Obstacle Avoidance Algorithm for Mobile Robot Based on Deep Reinforcement Learning in Crowd Environment

为了控制移动机器人在人群密集的复杂环境中高效友好地完成避障任务,本文提出了一种人群环境中基于深度强化学习的移动机器人避障算法。首先,针对深度强化学习算法中值函数网络学习能力不足的情况,基于行人交互(crowd interaction)对值函数网络做了改进,通过行人角度网格(angel pedestrian grid)对行人之间的交互信息进行提取,并通过注意力机制(attention mechanism)提取单个行人的时序特征,学习得到当前状态与历史轨迹状态的相对重要性以及对机器人避障策略的联合影响,为之后多层感知机的学习提供先验知识;其次,依据行人空间行为(human spatial behavior)设计强化学习的奖励函数,并对机器人角度变化过大的状态进行惩罚,实现了舒适避障的要求;最后,通过仿真实验验证了人群环境中基于深度强化学习的移动机器人避障算法在人群密集的复杂环境中的可行性与有效性。
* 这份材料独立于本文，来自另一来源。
lemma beval_sound: "oracle_approx Q h \<Longrightarrow> beval c h s xs = Suc y \<Longrightarrow> ev Q c xs y"
proof (induction c arbitrary: xs y)
  case Zero then show ?case by (auto intro: ev_Zero)
next
  case Succ then show ?case by (auto split: list.splits intro: ev_Succ)
next
  case (Proj i) then show ?case by (auto split: if_splits intro: ev_Proj)
next
  case Orc then show ?case by (auto simp: oracle_approx_def split: list.splits intro: ev_Orc)
next
  case (Comp f gs)
  let ?rs = "map (\<lambda>g. beval g h s xs) gs"
  have nz: "0 \<notin> set ?rs" and f: "beval f h s (map (\<lambda>r. r - 1) ?rs) = Suc y"
    using Comp.prems by (auto simp: Let_def split: if_splits)
  have "ev Q g xs (beval g h s xs - 1)" if g: "g \<in> set gs" for g
  proof -
    have "beval g h s xs \<noteq> 0" using nz g by auto
    then have "beval g h s xs = Suc (beval g h s xs - 1)" by simp
    then show ?thesis using Comp.IH(2)[OF g Comp.prems(1)] by blast
  qed
  then have "list_all2 (\<lambda>g y. ev Q g xs y) gs (map (\<lambda>r. r - 1) ?rs)"
    by (auto simp: list_all2_conv_all_nth)
  then show ?case by (rule ev_CompI) (use Comp.IH(1) Comp.prems(1) f in blast)
next
  case (Prec f g)
  then obtain n ys where xs: "xs = n # ys" by (auto split: list.splits)
  have "rec_nat (beval f h s ys) (\<lambda>k r. if r = 0 then 0 else beval g h s (k # (r - 1) # ys)) n = Suc y
        \<Longrightarrow> ev Q (Prec f g) (n # ys) y" for y
  proof (induction n arbitrary: y)
    case 0 then show ?case using Prec.IH(1) Prec.prems(1) by (auto intro: ev_Prec0)
  next
    case (Suc n)
    then obtain y' where y': "rec_nat (beval f h s ys)
        (\<lambda>k r. if r = 0 then 0 else beval g h s (k # (r - 1) # ys)) n = Suc y'"
      by (auto split: if_splits simp: gr0_conv_Suc)
    with Suc.prems have "beval g h s (n # y' # ys) = Suc y" by simp
    then have "ev Q g (n # y' # ys) y" using Prec.IH(2) Prec.prems(1) by blast
    moreover have "ev Q (Prec f g) (n # ys) y'" using Suc.IH y' by blast
    ultimately show ?case by (rule ev_PrecS[rotated])
  qed
  then show ?case using Prec.prems(2) xs by simp
next
  case (Mu f)
  let ?F = "\<lambda>t. beval f h s (t # xs)"
  have "mu_search ?F (Suc s) = Suc (Suc y)"
    using Mu.prems(2) by (auto simp: mu_result_def split: if_splits)
  note found = mu_search_found[OF this]
  show ?case
  proof (rule ev_Mu)
    show "ev Q f (y # xs) 0" using Mu.IH Mu.prems(1) found(1) by (simp add: One_nat_def)
    show "\<forall>m<y. \<exists>v>0. ev Q f (m # xs) v"
    proof (intro allI impI)
      fix m assume "m < y"
      then obtain v where "?F m = Suc v" "v > 0" using found(2) by (cases "?F m") auto
      then show "\<exists>v>0. ev Q f (m # xs) v" using Mu.IH Mu.prems(1) by blast
    qed
  qed
qed
lemma charpoly_diagonal:
  "charpoly ((\<chi> i j. if i = j then d i else 0) :: real^'n^'n) = (\<Prod>i\<in>UNIV. [:- d i, 1:])"
  unfolding charpoly_def by (subst det_diagonal) auto

lemma sorted_rev_filter_ge_nth:
  fixes L :: "'a::linorder list"
  assumes sr: "sorted (rev L)" and M: "0 < M" "M < length L" and gap: "L!M < L!(M-1)"
  shows "filter (\<lambda>x. L!(M-1) \<le> x) L = take M L" "filter (\<lambda>x. \<not> L!(M-1) \<le> x) L = drop M L"
proof -
  have above: "L!(M-1) \<le> x" if "x \<in> set (take M L)" for x
    using that sorted_rev_nth_mono[OF sr, of _ "M-1"] M by (auto simp: in_set_conv_nth)
  have below: "\<not> L!(M-1) \<le> x" if "x \<in> set (drop M L)" for x
  proof -
    obtain j where "j < length L - M" "x = L!(M+j)" using \<open>x \<in> set (drop M L)\<close> M
      by (auto simp: in_set_conv_nth)
    then have "x \<le> L!M" using sorted_rev_nth_mono[OF sr, of M "M+j"] by simp
    then show ?thesis using gap by simp
  qed
  have "filter P L = filter P (take M L) @ filter P (drop M L)" for P
    by (metis append_take_drop_id filter_append)
  then show "filter (\<lambda>x. L!(M-1) \<le> x) L = take M L" "filter (\<lambda>x. \<not> L!(M-1) \<le> x) L = drop M L"
    using above below by simp_all
qed

locale orthonormal_eigenbasis =
  fixes G :: "real^'n^'n" and v :: "'n \<Rightarrow> real^'n" and mu :: "'n \<Rightarrow> real"
  assumes symmetric: "transpose G = G"
    and orthonormal: "\<And>s t. v s \<bullet> v t = (if s = t then 1 else 0)"
    and eigvec: "\<And>t. G *v v t = mu t *\<^sub>R v t"
    and expand: "\<And>x. (\<Sum>t\<in>UNIV. (x \<bullet> v t) *\<^sub>R v t) = x"
begin

lemma inner_eigvec_self [simp]: "v t \<bullet> v t = 1"
  using orthonormal by simp

lemma inj_eigvec: "inj v"
proof (rule injI)
  fix s t assume "v s = v t"
  then have "v s \<bullet> v t = 1" by simp
  then show "s = t" using orthonormal[of s t] by (auto split: if_splits)
qed

lemma inner_eq_sum_coords: "x \<bullet> y = (\<Sum>t\<in>UNIV. (x \<bullet> v t) * (y \<bullet> v t))"
proof -
  have "x \<bullet> y = x \<bullet> (\<Sum>t\<in>UNIV. (y \<bullet> v t) *\<^sub>R v t)" using expand by simp
  then show ?thesis by (simp add: inner_sum_right mult.commute)
qed

lemma inner_self_eq_sum_coords: "x \<bullet> x = (\<Sum>t\<in>UNIV. (x \<bullet> v t)^2)"
  using inner_eq_sum_coords[of x x] by (simp add: power2_eq_square)

lemma matrix_vector_mult_inner_eigvec: "(G *v x) \<bullet> v t = mu t * (x \<bullet> v t)"
  using symmetric_matrix_inner_commute[OF symmetric, of "v t" x] eigvec by (simp add: inner_commute)

lemma quadratic_form_eq_sum_coords: "x \<bullet> (G *v x) = (\<Sum>t\<in>UNIV. mu t * (x \<bullet> v t)^2)"
  using inner_eq_sum_coords[of x "G *v x"]
  by (simp add: matrix_vector_mult_inner_eigvec power2_eq_square mult_ac)

lemma
  shows independent_eigvec_image: "independent (v ` K)"
    and dim_span_eigvec_image: "dim (span (v ` K)) = card K"
proof -
  have "pairwise orthogonal (v ` K)"
    using orthonormal inj_eigvec by (auto simp: pairwise_def orthogonal_def inj_eq)
  moreover have "0 \<notin> v ` K"
    using inner_eigvec_self by (metis image_iff inner_zero_left zero_neq_one)
  ultimately show ind: "independent (v ` K)" using pairwise_orthogonal_independent by blast
  then show "dim (span (v ` K)) = card K"
    using inj_eigvec by (simp add: dim_eq_card_independent card_image inj_on_subset)
qed

lemma sum_sq_inner_eigvec_orthonormal:
  assumes "finite U" "\<And>u. u \<in> U \<Longrightarrow> u \<bullet> u = 1"
  shows "(\<Sum>t\<in>UNIV. \<Sum>u\<in>U. (v t \<bullet> u)^2) = real (card U)"
proof -
  have "(\<Sum>t\<in>UNIV. \<Sum>u\<in>U. (v t \<bullet> u)^2) = (\<Sum>u\<in>U. \<Sum>t\<in>UNIV. (u \<bullet> v t)^2)"
    by (subst sum.swap) (simp add: inner_commute)
  also have "\<dots> = (\<Sum>u\<in>U. 1)"
    by (intro sum.cong refl) (simp add: inner_self_eq_sum_coords[symmetric] assms)
  finally show ?thesis by simp
qed

lemma charpoly_eq_prod: "charpoly G = (\<Prod>t\<in>UNIV. [:- mu t, 1:])"
proof -
  define V :: "real^'n^'n" where "V = (\<chi> i t. v t $ i)"
  define D :: "real^'n^'n" where "D = (\<chi> i j. if i = j then mu i else 0)"
  have "transpose V ** V = mat 1"
    using orthonormal by (simp add: vec_eq_iff matrix_matrix_mult_def V_def transpose_def mat_def inner_vec_def)
  then have VVt: "V ** transpose V = mat 1" using matrix_left_right_inverse by blast
  have "G ** V = V ** D"
    using eigvec by (simp add: vec_eq_iff matrix_matrix_mult_def matrix_vector_mult_def D_def V_def
        if_distrib mult.commute cong: if_cong)
  then have "G = V ** D ** transpose V"
    by (metis VVt matrix_mul_assoc matrix_mul_rid)
  then show ?thesis using charpoly_similar[OF VVt, of D] charpoly_diagonal by (simp add: D_def)
qed

lemma mset_eigvals_desc: "mset (eigvals_desc G) = image_mset mu (mset_set UNIV)"
  unfolding eigvals_desc_def charpoly_eq_prod
  by (subst proots_prod) (auto simp: sum_unfold_sum_mset)

lemma sorted_rev_eigvals_desc: "sorted (rev (eigvals_desc G))"
  by (simp add: eigvals_desc_def)

lemma length_eigvals_desc: "length (eigvals_desc G) = CARD('n)"
  by (metis mset_eigvals_desc size_image_mset size_mset size_mset_set)

lemma set_eigvals_desc: "set (eigvals_desc G) = range mu"
  by (metis mset_eigvals_desc set_mset_mset finite set_image_mset finite_set_mset_mset_set)

lemma mset_filter_eigvals_desc:
  "mset (filter P (eigvals_desc G)) = image_mset mu (mset_set {t. P (mu t)})"
  by (simp add: mset_eigvals_desc filter_mset_image_mset)

end

locale eigengap = orthonormal_eigenbasis G v mu for G :: "real^'n^'n" and v mu +
  fixes M :: nat
  assumes M_pos: "0 < M" and M_less_card: "M < CARD('n)"
    and eigval_gap: "eigval G (M + 1) < eigval G M"
begin

definition top_indices :: "'n set" where "top_indices = {t. eigval G M \<le> mu t}"

lemma
  shows filter_ge_eigval_M: "filter (\<lambda>x. eigval G M \<le> x) (eigvals_desc G) = take M (eigvals_desc G)"
    and filter_less_eigval_M: "filter (\<lambda>x. \<not> eigval G M \<le> x) (eigvals_desc G) = drop M (eigvals_desc G)"
  using sorted_rev_filter_ge_nth[OF sorted_rev_eigvals_desc M_pos] eigval_gap M_pos M_less_card
  by (simp_all add: eigval_def length_eigvals_desc)

lemma card_top_indices: "card top_indices = M"
proof -
  have "card top_indices = size (mset (filter (\<lambda>x. eigval G M \<le> x) (eigvals_desc G)))"
    unfolding mset_filter_eigvals_desc top_indices_def by simp
  then show ?thesis using M_less_card by (simp add: filter_ge_eigval_M length_eigvals_desc)
qed

lemma sum_tail_eigval: "(\<Sum>i = M + 1..CARD('n). eigval G i) = (\<Sum>t\<in>-top_indices. mu t)"
proof -
  have "(\<Sum>t\<in>-top_indices. mu t) = sum_mset (mset (filter (\<lambda>x. \<not> eigval G M \<le> x) (eigvals_desc G)))"
    unfolding mset_filter_eigvals_desc top_indices_def by (simp add: sum_unfold_sum_mset Collect_neg_eq)
  also have "\<dots> = (\<Sum>j<CARD('n) - M. eigvals_desc G ! (M + j))"
    by (simp add: filter_less_eigval_M sum_mset_sum_list sum_list_sum_nth length_eigvals_desc atLeast0LessThan)
  also have "\<dots> = (\<Sum>i = M + 1..CARD('n). eigval G i)"
    unfolding eigval_def
    by (rule sum.reindex_bij_witness[of _ "\<lambda>i. i - M - 1" "\<lambda>j. j + M + 1"]) (use M_less_card in \<open>auto simp: add.commute\<close>)
  finally show ?thesis by simp
qed

lemma eigval_M_pos:
  assumes "\<And>t. mu t > 0"
  shows "eigval G M > 0"
proof -
  have "eigval G M \<in> set (eigvals_desc G)"
    using M_pos M_less_card by (simp add: eigval_def length_eigvals_desc)
  then show ?thesis using assms set_eigvals_desc by auto
qed

lemma set_take_eigvals_desc: "set (take M (eigvals_desc G)) = {x \<in> range mu. eigval G M \<le> x}"
  by (metis filter_ge_eigval_M set_filter set_eigvals_desc)

lemma eigval_ge_eigval_M: "i \<in> {1..M} \<Longrightarrow> eigval G M \<le> eigval G i"
  using sorted_rev_nth_mono[OF sorted_rev_eigvals_desc, of "i - 1" "M - 1"] M_less_card
  by (auto simp: eigval_def length_eigvals_desc)

lemma eigvec_top_eigenvector:
  assumes "t \<in> top_indices"
  obtains i where "i \<in> {1..M}" "G *v v t = eigval G i *\<^sub>R v t"
proof -
  have "mu t \<in> set (take M (eigvals_desc G))"
    using assms set_take_eigvals_desc by (auto simp: top_indices_def)
  then obtain j where "j < M" "eigvals_desc G ! j = mu t" by (auto simp: in_set_conv_nth)
  then show ?thesis using that[of "j + 1"] eigvec by (simp add: eigval_def)
qed

lemma top_eigenvector_in_span:
  assumes i: "i \<in> {1..M}" and y: "G *v y = eigval G i *\<^sub>R y"
  shows "y \<in> span (v ` top_indices)"
proof -
  have "y \<bullet> v t = 0" if "t \<notin> top_indices" for t
  proof -
    have "(G *v y) \<bullet> v t = eigval G i * (y \<bullet> v t)" using y by simp
    then have "mu t * (y \<bullet> v t) = eigval G i * (y \<bullet> v t)"
      by (simp only: matrix_vector_mult_inner_eigvec)
    moreover have "mu t < eigval G i"
      using that eigval_ge_eigval_M[OF i] by (auto simp: top_indices_def)
    ultimately show ?thesis by auto
  qed
  then have "y = (\<Sum>t\<in>top_indices. (y \<bullet> v t) *\<^sub>R v t)"
    using expand[of y] sum.mono_neutral_right[of UNIV top_indices "\<lambda>t. (y \<bullet> v t) *\<^sub>R v t"] by auto
  also have "\<dots> \<in> span (v ` top_indices)" by (intro span_sum span_scale span_base) auto
  finally show ?thesis .
qed
(* The following two group presentations are minimal, in the sense that no relator can be removed without changing the group; equivalently, no relator lies in the normal closure, in the free group on the generators, of the remaining relators: (1) $\langle y_2,y_3 \mid [\,c,\ (y_2^ny_3^m)^{-1}c\,(y_2^ny_3^m)\,],\ n,m\in\mathbb{Z},\ (n,m)>(0,0)\rangle$, where $c=[y_2,y_3]$; (2) $\langle x_1,x_2,x_3 \mid x_1^2,\ x_2^2,\ x_3^2,\ [\,v,\ h_{n,m}^{-1}v\,h_{n,m}\,],\ n,m\in\mathbb{Z},\ (n,m)>(0,0)\rangle$, where $v=[x_2x_1,x_1x_3]$ and $h_{n,m}=(x_2x_1)^n(x_1x_3)^m$.
   Context: Commutators are $[a,b]=aba^{-1}b^{-1}$. The order on pairs is lexicographic: $(n,m)>(0,0)$ means $n>0$, or $n=0$ and $m>0$. (These are presentations of the rotation subgroup and of the triangle group of a generic Euclidean triangle, respectively; the first presents the free metabelian group of rank 2.) *)

theory Defs
  imports "HOL-Algebra.Algebra"
begin

text \<open>Free groups, built from reduced words.  A letter is a pair (a, b):
  b = False means the generator a, b = True means its inverse.\<close>

type_synonym 'a fword = "('a \<times> bool) list"

fun fw_reduce :: "'a fword \<Rightarrow> 'a fword" where
  "fw_reduce [] = []"
| "fw_reduce (x # xs) =
     (case fw_reduce xs of
        [] \<Rightarrow> [x]
      | y # ys \<Rightarrow> (if fst x = fst y \<and> snd x \<noteq> snd y then ys else x # y # ys))"

definition fw_inv :: "'a fword \<Rightarrow> 'a fword" where
  "fw_inv w = rev (map (\<lambda>(a, b). (a, \<not> b)) w)"

definition free_group :: "'a set \<Rightarrow> 'a fword monoid" where
  "free_group S = \<lparr> carrier = {w. fw_reduce w = w \<and> fst ` set w \<subseteq> S},
                    monoid.mult = (\<lambda>u v. fw_reduce (u @ v)),
                    one = [] \<rparr>"

definition fgen :: "'a \<Rightarrow> 'a fword" where
  "fgen a = [(a, False)]"

definition commutator :: "('g, 'b) monoid_scheme \<Rightarrow> 'g \<Rightarrow> 'g \<Rightarrow> 'g" where
  "commutator G a b = a \<otimes>\<^bsub>G\<^esub> b \<otimes>\<^bsub>G\<^esub> inv\<^bsub>G\<^esub> a \<otimes>\<^bsub>G\<^esub> inv\<^bsub>G\<^esub> b"

definition normal_closure :: "('g, 'b) monoid_scheme \<Rightarrow> 'g set \<Rightarrow> 'g set" where
  "normal_closure G A =
     generate G (\<Union>g\<in>carrier G. (\<lambda>a. g \<otimes>\<^bsub>G\<^esub> a \<otimes>\<^bsub>G\<^esub> inv\<^bsub>G\<^esub> g) ` A)"

definition minimal_relators :: "('g, 'b) monoid_scheme \<Rightarrow> 'i set \<Rightarrow> ('i \<Rightarrow> 'g) \<Rightarrow> bool" where
  "minimal_relators G I R \<longleftrightarrow>
     (\<forall>i\<in>I. R i \<notin> normal_closure G (R ` (I - {i})))"

definition pos_pairs :: "(int \<times> int) set" where
  "pos_pairs = {(n, m). n > 0 \<or> (n = 0 \<and> m > 0)}"

definition rel1 :: "int \<times> int \<Rightarrow> nat fword" where
  "rel1 p = (let G = free_group {2, 3}; y2 = fgen 2; y3 = fgen 3;
                 c = commutator G y2 y3;
                 g = y2 [^]\<^bsub>G\<^esub> fst p \<otimes>\<^bsub>G\<^esub> y3 [^]\<^bsub>G\<^esub> snd p
             in commutator G c (inv\<^bsub>G\<^esub> g \<otimes>\<^bsub>G\<^esub> c \<otimes>\<^bsub>G\<^esub> g))"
To control mobile robots to efficiently perform obstacle avoidance in crowded and complex environments,a mobile robot obstacle avoidance algorithm based on deep reinforcement learning in the human-robot integration environment is proposed.First,in response to the lack of learning capability of the value network of deep reinforcement learning algorithms,the value function network is improved based on crowd interaction.The crowd information is exchanged through the angel pedestrian grid.The temporal characteristics of a single pedestrian are then extracted through an attention mechanism,which learns the relative importance of historical trajectory state and joint impact on the obstacle avoidance strategy of the robot,providing a first step for the subsequent learning of the multilayer perceptron.Next,a reward function was developed for reinforcement learning based on human spatial behavior.The state where the robot angle changes significantly is punished to achieve the requirements of comfortable obstacle avoidance.Finally,the feasibility and effectiveness of the proposed algorithm in crowded and complex environments are verified through simulation experiments.